The multifaceted role of aquaporins in physiological cell migration

Abstract

Cell migration is an essential process that underlies many physiological processes, including the immune response, organogenesis in the embryo, and angiogenesis, as well as pathological processes such as cancer metastasis. Cells have at their disposal a variety of migratory behaviors and mechanisms that seem to be specific to cell type and the microenvironment. Research over the past two decades has elucidated the water channel protein family of aquaporins (AQPs) as a regulator of many cell migration-related processes, from physical phenomena to biological signaling pathways. The roles that AQPs play in cell migration are both cell type- and isoform-specific; thus, a large swath of information has accumulated as researchers seek to identify the responses across these distinct variables. There does not seem to be a universal role that AQPs play in cell migration; the complex interplay between AQPs and cell volume management, signaling pathway activation, and in a few identified circumstances, gene expression regulation, has shown the intricate, and perhaps paradoxical, role of AQPs in cell migration. The objective of this review is to provide an organized and integrated collection of recent work that has elucidated the many mechanisms by which AQPs regulate cell migration.NEW & NOTEWORTHY Research has elucidated the water channel protein family of aquaporins (AQPs) as a regulator of many cell migration-related processes, from physical phenomena to biological signaling pathways. The roles that AQPs play in cell migration are both cell type- and isoform-specific; thus, a large swath of information has accumulated as researchers seek to identify the responses across these distinct variables. This review compiles insights into the recent findings linking AQPs to physiological cell migration.

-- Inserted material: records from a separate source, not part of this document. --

(* Let $n\in\mathbb{N}_+$ and suppose $X\sim\mathsf{Poi}(\lambda_1)$ or $X\sim\mathsf{B}(n,\frac{\lambda_1}{n})$, where $0\le\lambda_1\le n$. There exist universal constants $M_1>0$, $M_2>0$ (not depending on $\lambda_1,\lambda_2,n$) such that: (1) if $0\le\lambda_2\le n$ and $\lambda_2\ge\lambda_1$, then $(\lambda_2-\lambda_1)P(X\ge\lambda_2)\le M_1\,(\lambda_2\wedge\sqrt{\lambda_2})$; (2) if $\lambda_1\ge\lambda_2\ge1$, then $(\lambda_1-\lambda_2)P(X\le\lambda_2)\le M_2\sqrt{\lambda_2}$.
   Context: $\mathsf{Poi}(\lambda)$ is the Poisson distribution with mean $\lambda$, $\mathsf{B}(n,p)$ the binomial distribution; $a\wedge b=\min\{a,b\}$. *)

theory Defs
  imports "HOL-Probability.Probability"
begin

text \<open>Poisson distribution Poi(lambda) for lambda >= 0. The library's poisson_pmf
  is only meaningful for rate > 0; Poi(0) is the point mass at 0.\<close>
definition poi_pmf :: "real \<Rightarrow> nat pmf" where
  "poi_pmf l = (if l = 0 then return_pmf 0 else poisson_pmf l)"

end

theory Submission
  imports Defs
begin

text \<open>Both distributions satisfy \<open>E(X - \<lambda>\<^sub>1)\<^sup>2 \<le> \<lambda>\<^sub>1\<close> (the binomial one has variance
  \<open>\<lambda>\<^sub>1(1 - \<lambda>\<^sub>1/n)\<close>), so Chebyshev's inequality
  gives \<open>d\<^sup>2 P(|X - \<lambda>\<^sub>1| \<ge> d) \<le> \<lambda>\<^sub>1\<close> for every deviation \<open>d \<ge> 0\<close>. Combined with the trivial bound
  \<open>P \<le> 1\<close>, an inequality \<open>d\<^sup>2 P \<le> a + b d\<close> yields \<open>d P \<le> \<surd>a + b\<close>: in (1) take \<open>d = \<lambda>\<^sub>2 - \<lambda>\<^sub>1\<close>,
  \<open>a = \<lambda>\<^sub>1\<close>, \<open>b = 0\<close> (and also \<open>d P \<le> d \<le> \<lambda>\<^sub>2\<close>), and in (2) take \<open>d = \<lambda>\<^sub>1 - \<lambda>\<^sub>2\<close>, \<open>a = \<lambda>\<^sub>2\<close>, \<open>b = 1\<close>, using \<open>\<lambda>\<^sub>1 = \<lambda>\<^sub>2 + d\<close>.
  Hence \<open>M\<^sub>1 = 1\<close> and \<open>M\<^sub>2 = 2\<close> work.\<close>

lemma nn_integral_binomial_pmf_sq_dev:
  assumes "0 \<le> p" "p \<le> 1"
  shows "(\<integral>\<^sup>+k. ennreal ((real k - c)\<^sup>2) \<partial>binomial_pmf n p)
           = ennreal (real n * p * (1 - p) + (real n * p - c)\<^sup>2)"
proof (induction n arbitrary: c)
  case 0
  then show ?case using assms by (simp add: binomial_pmf_0)
next
  case (Suc n)
  define m where "m = (\<lambda>c. real n * p * (1 - p) + (real n * p - c)\<^sup>2)"
  have m_nonneg: "0 \<le> m c" for c
    using assms unfolding m_def by simp
  have shifted: "(\<integral>\<^sup>+k. ennreal ((real ((if b then 1 else 0) + k) - c)\<^sup>2) \<partial>binomial_pmf n p)
                   = ennreal (m (c - (if b then 1 else 0)))" for b
    using Suc.IH[of "c - (if b then 1 else 0)"] unfolding m_def
    by (cases b) (simp_all add: algebra_simps)
  have "(\<integral>\<^sup>+k. ennreal ((real k - c)\<^sup>2) \<partial>binomial_pmf (Suc n) p)
          = (\<integral>\<^sup>+b. ennreal (m (c - (if b then 1 else 0))) \<partial>bernoulli_pmf p)"
    using assms by (simp add: binomial_pmf_Suc shifted del: of_nat_add)
  also have "\<dots> = ennreal (m (c - 1)) * ennreal p + ennreal (m c) * ennreal (1 - p)"
    using assms by (subst nn_integral_bernoulli_pmf) auto
  also have "\<dots> = ennreal (m (c - 1) * p + m c * (1 - p))"
    using assms m_nonneg by (simp add: ennreal_mult'' ennreal_plus)
  also have "m (c - 1) * p + m c * (1 - p) = real (Suc n) * p * (1 - p) + (real (Suc n) * p - c)\<^sup>2"
    unfolding m_def by (simp add: algebra_simps power2_eq_square)
  finally show ?case .
qed

lemma poisson_sq_dev_sums: "(\<lambda>k. l ^ k / fact k * exp (-l) * (real k - l)\<^sup>2) sums (l::real)"
proof -
  define a where "a = (\<lambda>k::nat. l ^ k / fact k)"
  have a_Suc: "real (Suc k) * a (Suc k) = l * a k" for k
  proof -
    have "(fact (Suc k) :: real) = real (Suc k) * fact k" by simp
    then show ?thesis unfolding a_def by (simp del: of_nat_Suc fact_Suc)
  qed
  have s0: "a sums exp l"
    unfolding a_def using exp_converges[of l] by (simp add: divide_inverse mult.commute)
  have s1: "(\<lambda>k. real k * a k) sums (l * exp l)"
  proof -
    have "(\<lambda>k. real (Suc k) * a (Suc k)) sums (l * exp l)"
      unfolding a_Suc using sums_mult[OF s0, of l] by simp
    then show ?thesis by (subst (asm) sums_Suc_iff) simp
  qed
  have s2: "(\<lambda>k. real k * (real k - 1) * a k) sums (l * (l * exp l))"
  proof -
    have "(\<lambda>k. real (Suc k) * (real (Suc k) - 1) * a (Suc k)) = (\<lambda>k. l * (real k * a k))"
    proof
      fix k
      have "real (Suc k) * (real (Suc k) - 1) * a (Suc k) = real k * (real (Suc k) * a (Suc k))"
        by (simp add: algebra_simps)
      also have "\<dots> = l * (real k * a k)"
        unfolding a_Suc by simp
      finally show "real (Suc k) * (real (Suc k) - 1) * a (Suc k) = l * (real k * a k)" .
    qed
    then have "(\<lambda>k. real (Suc k) * (real (Suc k) - 1) * a (Suc k)) sums (l * (l * exp l))"
      using sums_mult[OF s1, of l] by simp
    then show ?thesis by (subst (asm) sums_Suc_iff) simp
  qed
  \<comment> \<open>\<open>(k - l)\<^sup>2 = k(k-1) + (1 - 2l)k + l\<^sup>2\<close>: the factorial moments of order 2, 1, 0 are \<open>l\<^sup>2, l, 1\<close>.\<close>
  have "(\<lambda>k. (real k * (real k - 1) * a k + (1 - 2*l) * (real k * a k) + l\<^sup>2 * a k) * exp (-l))
          sums ((l * (l * exp l) + (1 - 2*l) * (l * exp l) + l\<^sup>2 * exp l) * exp (-l))"
    by (intro sums_mult2 sums_add sums_mult s0 s1 s2)
  moreover have "(l * (l * exp l) + (1 - 2*l) * (l * exp l) + l\<^sup>2 * exp l) * exp (-l) = l"
    by (simp add: algebra_simps power2_eq_square exp_minus)
  moreover have "(\<lambda>k. (real k * (real k - 1) * a k + (1 - 2*l) * (real k * a k) + l\<^sup>2 * a k) * exp (-l))
                   = (\<lambda>k. l ^ k / fact k * exp (-l) * (real k - l)\<^sup>2)"
    by (rule ext) (simp add: a_def field_simps power2_eq_square)
  ultimately show ?thesis by simp
qed

lemma nn_integral_poisson_pmf_sq_dev:
  assumes "0 < l"
  shows "(\<integral>\<^sup>+k. ennreal ((real k - l)\<^sup>2) \<partial>poisson_pmf l) = ennreal l"
proof -
  have "(\<integral>\<^sup>+k. ennreal ((real k - l)\<^sup>2) \<partial>poisson_pmf l)
          = (\<Sum>k. ennreal (l ^ k / fact k * exp (-l) * (real k - l)\<^sup>2))"
    using assms by (simp add: nn_integral_measure_pmf nn_integral_count_space_nat
                              ennreal_mult'' [symmetric])
  also have "\<dots> = ennreal l"
    using poisson_sq_dev_sums[of l] assms by (subst suminf_ennreal2) (auto simp: sums_iff)
  finally show ?thesis .
qed

lemma nn_integral_sq_dev_le_mean:
  assumes "0 \<le> l" "l \<le> real n"
    and "D = poi_pmf l \<or> D = binomial_pmf n (l / real n)"
  shows "(\<integral>\<^sup>+k. ennreal ((real k - l)\<^sup>2) \<partial>D) \<le> ennreal l"
  using assms(3)
proof
  assume "D = poi_pmf l"
  then show ?thesis
    using assms(1) by (cases "l = 0") (simp_all add: poi_pmf_def nn_integral_poisson_pmf_sq_dev)
next
  assume D: "D = binomial_pmf n (l / real n)"
  have p: "0 \<le> l / real n" "l / real n \<le> 1" and mean: "real n * (l / real n) = l"
    using assms by (auto simp: divide_le_eq_1)
  have "(\<integral>\<^sup>+k. ennreal ((real k - l)\<^sup>2) \<partial>D) = ennreal (l * (1 - l / real n))"
    using nn_integral_binomial_pmf_sq_dev[OF p, where c = l and n = n] D mean by simp
  also have "\<dots> \<le> ennreal l"
    using p assms(1) by (intro ennreal_leI) (simp add: mult_left_le)
  finally show ?thesis .
qed

lemma Chebyshev_inequality_pmf:
  fixes D :: "'a pmf" and f :: "'a \<Rightarrow> real"
  assumes "(\<integral>\<^sup>+x. ennreal ((f x - c)\<^sup>2) \<partial>D) \<le> ennreal v" "0 \<le> d" "0 \<le> v"
  shows "d\<^sup>2 * measure_pmf.prob D {x. d \<le> \<bar>f x - c\<bar>} \<le> v"
proof -
  let ?S = "{x. d \<le> \<bar>f x - c\<bar>}"
  have "ennreal (d\<^sup>2 * measure_pmf.prob D ?S) = (\<integral>\<^sup>+x. ennreal (d\<^sup>2) * indicator ?S x \<partial>D)"
    by (simp add: measure_pmf.emeasure_eq_measure ennreal_mult'' nn_integral_cmult_indicator)
  also have "\<dots> \<le> (\<integral>\<^sup>+x. ennreal ((f x - c)\<^sup>2) \<partial>D)"
  proof (intro nn_integral_mono)
    fix x
    have "x \<in> ?S \<Longrightarrow> d\<^sup>2 \<le> (f x - c)\<^sup>2"
      using \<open>0 \<le> d\<close> abs_le_square_iff[of d "f x - c"] by simp
    then show "ennreal (d\<^sup>2) * indicator ?S x \<le> ennreal ((f x - c)\<^sup>2)"
      by (cases "x \<in> ?S") simp_all
  qed
  also have "\<dots> \<le> ennreal v" by fact
  finally show ?thesis using \<open>0 \<le> v\<close> by (simp add: ennreal_le_iff)
qed

lemma mult_le_sqrt_add_if_sq_mult_le:
  fixes a b d P :: real
  assumes "0 \<le> a" "0 \<le> b" "0 \<le> d" "0 \<le> P" "P \<le> 1" "d\<^sup>2 * P \<le> a + b * d"
  shows "d * P \<le> sqrt a + b"
proof (cases "d \<le> sqrt a")
  case True
  have "d * P \<le> d" using assms by (simp add: mult_left_le)
  with True \<open>0 \<le> b\<close> show ?thesis by linarith
next
  case False
  then have "0 < d" using \<open>0 \<le> a\<close> by (meson less_le_trans not_le real_sqrt_ge_zero)
  have "d * (d * P) \<le> a + b * d"
    using assms(6) by (simp add: power2_eq_square mult.assoc)
  also have "a = sqrt a * sqrt a" using \<open>0 \<le> a\<close> by simp
  also have "sqrt a * sqrt a \<le> d * sqrt a"
    using False \<open>0 \<le> a\<close> by (intro mult_right_mono) auto
  finally have "d * (d * P) \<le> d * (sqrt a + b)" by (simp add: algebra_simps)
  with \<open>0 < d\<close> show ?thesis by simp
qed

context
  fixes n :: nat and l1 :: real and D :: "nat pmf"
  assumes l1: "0 \<le> l1" "l1 \<le> real n"
    and D: "D = poi_pmf l1 \<or> D = binomial_pmf n (l1 / real n)"
begin

lemma sq_dev_mult_prob_le_mean:
  assumes "0 \<le> d" "A \<subseteq> {k. d \<le> \<bar>real k - l1\<bar>}"
  shows "d\<^sup>2 * measure_pmf.prob D A \<le> l1"
proof -
  have "measure_pmf.prob D A \<le> measure_pmf.prob D {k. d \<le> \<bar>real k - l1\<bar>}"
    using assms(2) by (rule measure_pmf.finite_measure_mono) simp
  then have "d\<^sup>2 * measure_pmf.prob D A \<le> d\<^sup>2 * measure_pmf.prob D {k. d \<le> \<bar>real k - l1\<bar>}"
    by (rule mult_left_mono) simp
  also have "\<dots> \<le> l1"
    using l1 D assms(1) by (intro Chebyshev_inequality_pmf nn_integral_sq_dev_le_mean) auto
  finally show ?thesis .
qed

lemma upper_deviation_mult_prob_le:
  assumes "l1 \<le> l2"
  shows "(l2 - l1) * measure_pmf.prob D {k. real k \<ge> l2} \<le> min l2 (sqrt l2)"
proof -
  let ?d = "l2 - l1" and ?P = "measure_pmf.prob D {k. real k \<ge> l2}"
  have "?d\<^sup>2 * ?P \<le> l1"
    using assms by (intro sq_dev_mult_prob_le_mean) auto
  then have "?d * ?P \<le> sqrt l1 + 0"
    using assms l1 by (intro mult_le_sqrt_add_if_sq_mult_le) auto
  moreover have "?d * ?P \<le> ?d"
    using assms by (simp add: mult_left_le)
  moreover have "sqrt l1 \<le> sqrt l2"
    using assms by simp
  ultimately have "?d * ?P \<le> sqrt l2" "?d * ?P \<le> l2"
    using l1 by linarith+
  then show ?thesis by simp
qed

lemma lower_deviation_mult_prob_le:
  assumes "l2 \<le> l1" "1 \<le> l2"
  shows "(l1 - l2) * measure_pmf.prob D {k. real k \<le> l2} \<le> 2 * sqrt l2"
proof -
  let ?d = "l1 - l2" and ?P = "measure_pmf.prob D {k. real k \<le> l2}"
  have "?d\<^sup>2 * ?P \<le> l2 + 1 * ?d"
    using assms by (simp, intro sq_dev_mult_prob_le_mean) auto
  then have "?d * ?P \<le> sqrt l2 + 1"
    using assms by (intro mult_le_sqrt_add_if_sq_mult_le) auto
  moreover have "1 \<le> sqrt l2"
    using assms by simp
  ultimately show ?thesis by linarith
qed

end

theorem lemma7:
  "\<exists>M1>0. \<exists>M2>0. \<forall>(n::nat) (l1::real) (l2::real) (D::nat pmf).
     n \<ge> 1 \<and> 0 \<le> l1 \<and> l1 \<le> real n \<and>
     (D = poi_pmf l1 \<or> D = binomial_pmf n (l1 / real n)) \<longrightarrow>
       ((0 \<le> l2 \<and> l2 \<le> real n \<and> l1 \<le> l2 \<longrightarrow>
          (l2 - l1) * measure_pmf.prob D {k. real k \<ge> l2} \<le> M1 * min l2 (sqrt l2)) \<and>
        (l1 \<ge> l2 \<and> l2 \<ge> 1 \<longrightarrow>
          (l1 - l2) * measure_pmf.prob D {k. real k \<le> l2} \<le> M2 * sqrt l2))"
proof (rule exI[of _ 1], intro conjI exI[of _ 2] allI impI)
  fix n :: nat and l1 l2 :: real and D :: "nat pmf"
  assume "1 \<le> n \<and> 0 \<le> l1 \<and> l1 \<le> real n \<and> (D = poi_pmf l1 \<or> D = binomial_pmf n (l1 / real n))"
  then have "0 \<le> l1" "l1 \<le> real n" "D = poi_pmf l1 \<or> D = binomial_pmf n (l1 / real n)"
    by auto
  note bounds = upper_deviation_mult_prob_le[OF this] lower_deviation_mult_prob_le[OF this]
  show "(l2 - l1) * measure_pmf.prob D {k. real k \<ge> l2} \<le> 1 * min l2 (sqrt l2)"
    if "0 \<le> l2 \<and> l2 \<le> real n \<and> l1 \<le> l2"
    using that bounds(1) by simp
  show "(l1 - l2) * measure_pmf.prob D {k. real k \<le> l2} \<le> 2 * sqrt l2"
    if "l2 \<le> l1 \<and> 1 \<le> l2"
    using that bounds(2) by simp
qed simp_all

end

Keywords: actin polymerization; aquaporins; cell adhesion; cell migration; ion channels.

Graphical abstract

Figure 1.

An overview of AQP isoforms found in various migratory cell types in healthy (A) and pathological contexts (B). AQP, aquaporin. Figure was created using BioRender.com.

Figure 2.

Timeline detailing important milestones discovered to enhance the field’s understanding regarding the roles AQPs play in cell migration. AQP, aquaporin. Figure was created using BioRender.com.

Figure 3.

AQP colocalization with migratory-related proteins and downstream signaling. Putative pathways are determined via direct localization or activation of proteins via AQPs or the signals they transport. The speculated downstream pathways have been altered by AQP inhibition or knockdown, yet the direct relationship is not yet defined. AQP, aquaporin. Figure was created using BioRender.com.

Figure 4.

A graphical representation of the osmotic engine model. A cell is migrating in a confining channel and uses fluxes (J) of ions and water at the front and back of the cell to propel itself forward. The proteins below the fluxes have been implicated in the movement of water or ions at the front or back of the confined cell. AQP, aquaporin. Figure was created using BioRender.com.

Figure 5.

AQPs and immune cell responses in contact hypersensitivity models. A: AQP9 regulates neutrophil function: AQP9 regulates numerous steps in the chemoattractant-based migration toward a site of tissue damage. Though not yet determined, we hypothesize that AQP9 can regulate neutrophil transendothelial migration, including the process of cell rolling and extravasation. B: AQP3 regulates CD4+ T-cell function: AQP3 induces activation, transendothelial migration, and chemokine-induced migration for CD4+ T-cells. C: AQP7 regulates dendritic cell function: AQP7 induces DC chemotactic migration specifically toward (CCL21 and CXCL12), antigen uptake, and accumulation in LNs following activation. Though it is not yet determined, we hypothesize that AQP7 may also play a role in DC activation, presentation of uptaken antigens, and migration from the site of inflammation into the lymphatic system. AQP, aquaporin. Figure was created using BioRender.com.

Figure 6.

AQPs as a regulators of macrophage activation and cell migration. A: following knock out of AQP1, there is an enhanced M0 to M2 transition, resulting in increased M2 migration. Macrophages are still capable of making the transition while expressing AQP1, yet there is a dramatic change in activation following knockout. The researchers originally believed this inhibitory effect was the cause of high M0 membrane tension closing AQP1s water permeability. This, however, was uninvestigated and does not provide relevant insight into the actual mechanism of inhibition. B: following macrophage M1 activation, AQP1 will regulate the transition to M2 state by activation of various signaling pathways, though the actual mechanisms by which AQP regulates these pathways and how they initiate the transition remain unknown. C: finally, in M1 stimulated macrophages, AQP1 plays a conventional role in cell migration: following its knockout, the cells move slower. Solid arrows represent a transition between activated states, dashed arrows represent cell migration. AQP, aquaporin; WT, wild type. Figure was created using BioRender.com.